Collected data entries:

▬▬▬▬▬▬▬▬▬▬

text \<open>xi(1), xi(2), ..., eta(1), eta(2), ... are mutually independent, xi(i) has law mu,
  eta(j) has law nu (indices start at 1; index 0 is irrelevant).\<close>
definition indep_laws :: "'m measure \<Rightarrow> 'x measure \<Rightarrow> 'y measure \<Rightarrow>
    (nat \<Rightarrow> 'm \<Rightarrow> 'x) \<Rightarrow> (nat \<Rightarrow> 'm \<Rightarrow> 'y) \<Rightarrow> bool" where
  "indep_laws M \<mu> \<nu> \<xi> \<eta> \<longleftrightarrow>
     (\<forall>i\<ge>1. \<xi> i \<in> M \<rightarrow>\<^sub>M \<mu>) \<and> (\<forall>j\<ge>1. \<eta> j \<in> M \<rightarrow>\<^sub>M \<nu>) \<and>
     (\<forall>I J A B. finite I \<and> finite J \<and> I \<subseteq> {1..} \<and> J \<subseteq> {1..} \<and>
        (\<forall>i\<in>I. A i \<in> sets \<mu>) \<and> (\<forall>j\<in>J. B j \<in> sets \<nu>) \<longrightarrow>
        measure M ((\<Inter>i\<in>I. \<xi> i -` A i) \<inter> (\<Inter>j\<in>J. \<eta> j -` B j) \<inter> space M)
          = (\<Prod>i\<in>I. measure \<mu> (A i)) * (\<Prod>j\<in>J. measure \<nu> (B j)))"

definition SL :: "(nat \<times> nat) set \<Rightarrow> ('x \<times> 'y \<Rightarrow> real) \<Rightarrow> (nat \<Rightarrow> 'm \<Rightarrow> 'x) \<Rightarrow>
    (nat \<Rightarrow> 'm \<Rightarrow> 'y) \<Rightarrow> 'm \<Rightarrow> real" where
  "SL L f \<xi> \<eta> \<omega> = (1 / sqrt (real (card L))) * (\<Sum>(k1, k2)\<in>L. f (\<xi> k1 \<omega>, \<eta> k2 \<omega>))"

end

theory Submission
  imports Defs
begin

text \<open>Expand \<open>f = \<Sum> \<lambda>\<^sub>i\<^sub>j g\<^sub>i \<otimes> h\<^sub>j\<close>. By Minkowski's inequality it suffices to show
  \<open>|S\<^sub>L[g \<otimes> h]|\<^sub>p \<le> K\<^sup>2 |g|\<^sub>p |h|\<^sub>p\<close> for centered \<open>g\<close>, \<open>h\<close> and every constant \<open>K\<close> admissible in the
  definition of \<open>K\<^sub>R(p)\<close>; the tail of the expansion costs at most \<open>\<surd>|L|\<close> times its
  \<open>L\<^sub>p(\<mu> \<otimes> \<nu>)\<close>-norm, which tends to zero. For the bilinear bound one conditions on the \<open>\<eta>\<close>'s:
  the sum over \<open>L\<close> becomes a weighted sum of independent copies \<open>g (\<xi> a)\<close>, so the Rosenthal-type
  inequality is applied once in the \<open>\<xi>\<close>'s and once in the \<open>\<eta>\<close>'s.\<close>

section \<open>\<open>L\<^sub>p\<close> norms and Minkowski's inequality\<close>

lemma powr_convex_combination_nonneg:
  fixes x y t p :: real
  assumes p: "p \<ge> 1" and t: "0 \<le> t" "t \<le> 1" and xy: "0 \<le> x" "0 \<le> y"
  shows "((1 - t) * x + t * y) powr p \<le> (1 - t) * x powr p + t * y powr p"
proof (cases "x = 0 \<or> y = 0")
  case True
  have powr_le_self: "s powr p \<le> s" if "0 \<le> s" "s \<le> 1" for s :: real
    using that p powr_le_one_le[of s p] by (cases "s = 0") auto
  show ?thesis
  proof (cases "x = 0")
    case True
    have "(t * y) powr p = t powr p * y powr p" using t xy by (simp add: powr_mult)
    also have "\<dots> \<le> t * y powr p" using powr_le_self[of t] t by (intro mult_right_mono) auto
    finally show ?thesis using True by simp
  next
    case False
    with True have "y = 0" by auto
    have "((1 - t) * x) powr p = (1 - t) powr p * x powr p" using t xy by (simp add: powr_mult)
    also have "\<dots> \<le> (1 - t) * x powr p" using powr_le_self[of "1 - t"] t by (intro mult_right_mono) auto
    finally show ?thesis using \<open>y = 0\<close> by simp
  qed
next
  case False
  then have "x > 0" "y > 0" using xy by auto
  then show ?thesis
    using convex_onD[OF powr_convex[OF p], of t x y] t by simp
qed

lemma abs_powr_convex_combination:
  fixes u v t p :: real
  assumes p: "p \<ge> 1" and t: "0 \<le> t" "t \<le> 1"
  shows "\<bar>t * u + (1 - t) * v\<bar> powr p \<le> t * \<bar>u\<bar> powr p + (1 - t) * \<bar>v\<bar> powr p"
proof -
  have "\<bar>t * u + (1 - t) * v\<bar> \<le> t * \<bar>u\<bar> + (1 - t) * \<bar>v\<bar>"
    using t by (metis abs_mult abs_of_nonneg abs_triangle_ineq diff_ge_0_iff_ge)
  then have "\<bar>t * u + (1 - t) * v\<bar> powr p \<le> (t * \<bar>u\<bar> + (1 - t) * \<bar>v\<bar>) powr p"
    using p by (intro powr_mono2) auto
  also have "\<dots> \<le> t * \<bar>u\<bar> powr p + (1 - t) * \<bar>v\<bar> powr p"
    using powr_convex_combination_nonneg[OF p, of "1 - t" "\<bar>u\<bar>" "\<bar>v\<bar>"] t
    by (simp add: algebra_simps)
  finally show ?thesis .
qed

lemma sqrt_powr: "s \<ge> 0 \<Longrightarrow> sqrt s powr p = s powr (p / 2)"
  by (simp add: powr_half_sqrt[symmetric] powr_powr)

lemma power2_powr_half: "p > 0 \<Longrightarrow> (x::real)\<^sup>2 powr (p / 2) = \<bar>x\<bar> powr p"
  using powr_powr[of "\<bar>x\<bar>" 2 "p / 2"] by (simp add: powr_realpow[symmetric])

lemma Lpn_nonneg: "Lpn N p f \<ge> 0"
  by (simp add: Lpn_def)

lemma Lpn_powr:
  assumes "p > 0"
  shows "Lpn N p f powr p = (\<integral>x. \<bar>f x\<bar> powr p \<partial>N)"
proof -
  have "(\<integral>x. \<bar>f x\<bar> powr p \<partial>N) \<ge> 0" by (intro integral_nonneg_AE) auto
  then show ?thesis using assms by (simp add: Lpn_def powr_powr)
qed

lemma Lpn_le_powr:
  assumes "p > 0" and "(\<integral>x. \<bar>f x\<bar> powr p \<partial>N) \<le> B"
  shows "Lpn N p f \<le> B powr (1 / p)"
  unfolding Lpn_def using assms by (intro powr_mono2) (auto intro!: integral_nonneg_AE)

lemma Lpn_le:
  assumes "p > 0" "c \<ge> 0" "(\<integral>x. \<bar>f x\<bar> powr p \<partial>N) \<le> c powr p"
  shows "Lpn N p f \<le> c"
  using Lpn_le_powr[OF assms(1,3)] assms(1,2) by (simp add: powr_powr)

lemma integral_abs_powr_le_if_Lpn_le:
  assumes "p > 0" "c \<ge> 0" "G \<ge> 0" "Lpn N p f \<le> c * G powr (1 / p)"
  shows "(\<integral>x. \<bar>f x\<bar> powr p \<partial>N) \<le> c powr p * G"
proof -
  have "Lpn N p f powr p \<le> (c * G powr (1 / p)) powr p"
    using assms by (intro powr_mono2) (auto simp: Lpn_nonneg)
  then show ?thesis using assms by (simp add: Lpn_powr powr_mult powr_powr)
qed

lemma Lpn_tendsto_zero:
  assumes p: "p > 0" and F: "\<And>n. F n \<in> borel_measurable N"
    and lim: "(\<lambda>n. \<integral>\<^sup>+x. ennreal (\<bar>F n x\<bar> powr p) \<partial>N) \<longlonglongrightarrow> 0"
  shows "(\<lambda>n. Lpn N p (F n)) \<longlonglongrightarrow> 0"
proof -
  have "Lpn N p (F n) = enn2real (\<integral>\<^sup>+x. ennreal (\<bar>F n x\<bar> powr p) \<partial>N) powr (1 / p)" for n
    unfolding Lpn_def using F by (subst integral_eq_nn_integral) auto
  moreover have "(\<lambda>n. enn2real (\<integral>\<^sup>+x. ennreal (\<bar>F n x\<bar> powr p) \<partial>N)) \<longlonglongrightarrow> 0"
    using tendsto_enn2real[OF lim[unfolded ennreal_0[symmetric]]] by simp
  ultimately show ?thesis
    using p by (auto intro!: tendsto_zero_powrI)
qed

lemma Lpn_cmult:
  assumes "p > 0"
  shows "Lpn N p (\<lambda>x. c * f x) = \<bar>c\<bar> * Lpn N p f"
proof -
  have "(\<integral>x. \<bar>c * f x\<bar> powr p \<partial>N) = \<bar>c\<bar> powr p * (\<integral>x. \<bar>f x\<bar> powr p \<partial>N)"
    by (simp add: abs_mult powr_mult)
  moreover have "(\<integral>x. \<bar>f x\<bar> powr p \<partial>N) \<ge> 0" by (intro integral_nonneg_AE) auto
  ultimately show ?thesis using assms by (simp add: Lpn_def powr_mult powr_powr)
qed

lemma integrable_abs_powr_cmult:
  fixes f :: "'a \<Rightarrow> real"
  assumes "integrable N (\<lambda>x. \<bar>f x\<bar> powr p)"
  shows "integrable N (\<lambda>x. \<bar>c * f x\<bar> powr p)"
  using assms by (simp add: abs_mult powr_mult)

lemma integrable_abs_powr_add:
  fixes f g :: "'a \<Rightarrow> real"
  assumes p: "p \<ge> 1" and [measurable]: "f \<in> borel_measurable N" "g \<in> borel_measurable N"
    and "integrable N (\<lambda>x. \<bar>f x\<bar> powr p)" "integrable N (\<lambda>x. \<bar>g x\<bar> powr p)"
  shows "integrable N (\<lambda>x. \<bar>f x + g x\<bar> powr p)"
proof (rule Bochner_Integration.integrable_bound)
  show "integrable N (\<lambda>x. (2 powr p / 2) * (\<bar>f x\<bar> powr p + \<bar>g x\<bar> powr p))"
    using assms by auto
  show "AE x in N. norm (\<bar>f x + g x\<bar> powr p) \<le> norm ((2 powr p / 2) * (\<bar>f x\<bar> powr p + \<bar>g x\<bar> powr p))"
  proof (intro AE_I2)
    fix x
    have "\<bar>(1/2) * (2 * f x) + (1 - 1/2) * (2 * g x)\<bar> powr p
        \<le> (1/2) * \<bar>2 * f x\<bar> powr p + (1 - 1/2) * \<bar>2 * g x\<bar> powr p"
      by (rule abs_powr_convex_combination[OF p]) auto
    then show "norm (\<bar>f x + g x\<bar> powr p) \<le> norm ((2 powr p / 2) * (\<bar>f x\<bar> powr p + \<bar>g x\<bar> powr p))"
      by (simp add: abs_mult powr_mult algebra_simps)
  qed
qed measurable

▬▬▬▬▬▬▬▬▬▬

Please return exactly the lines from the opening line of the data above through the line with "(\<forall>I J A", both included and nothing else.

text \<open>xi(1), xi(2), ..., eta(1), eta(2), ... are mutually independent, xi(i) has law mu,
  eta(j) has law nu (indices start at 1; index 0 is irrelevant).\<close>
definition indep_laws :: "'m measure \<Rightarrow> 'x measure \<Rightarrow> 'y measure \<Rightarrow>
    (nat \<Rightarrow> 'm \<Rightarrow> 'x) \<Rightarrow> (nat \<Rightarrow> 'm \<Rightarrow> 'y) \<Rightarrow> bool" where
  "indep_laws M \<mu> \<nu> \<xi> \<eta> \<longleftrightarrow>
     (\<forall>i\<ge>1. \<xi> i \<in> M \<rightarrow>\<^sub>M \<mu>) \<and> (\<forall>j\<ge>1. \<eta> j \<in> M \<rightarrow>\<^sub>M \<nu>) \<and>
     (\<forall>I J A B. finite I \<and> finite J \<and> I \<subseteq> {1..} \<and> J \<subseteq> {1..} \<and>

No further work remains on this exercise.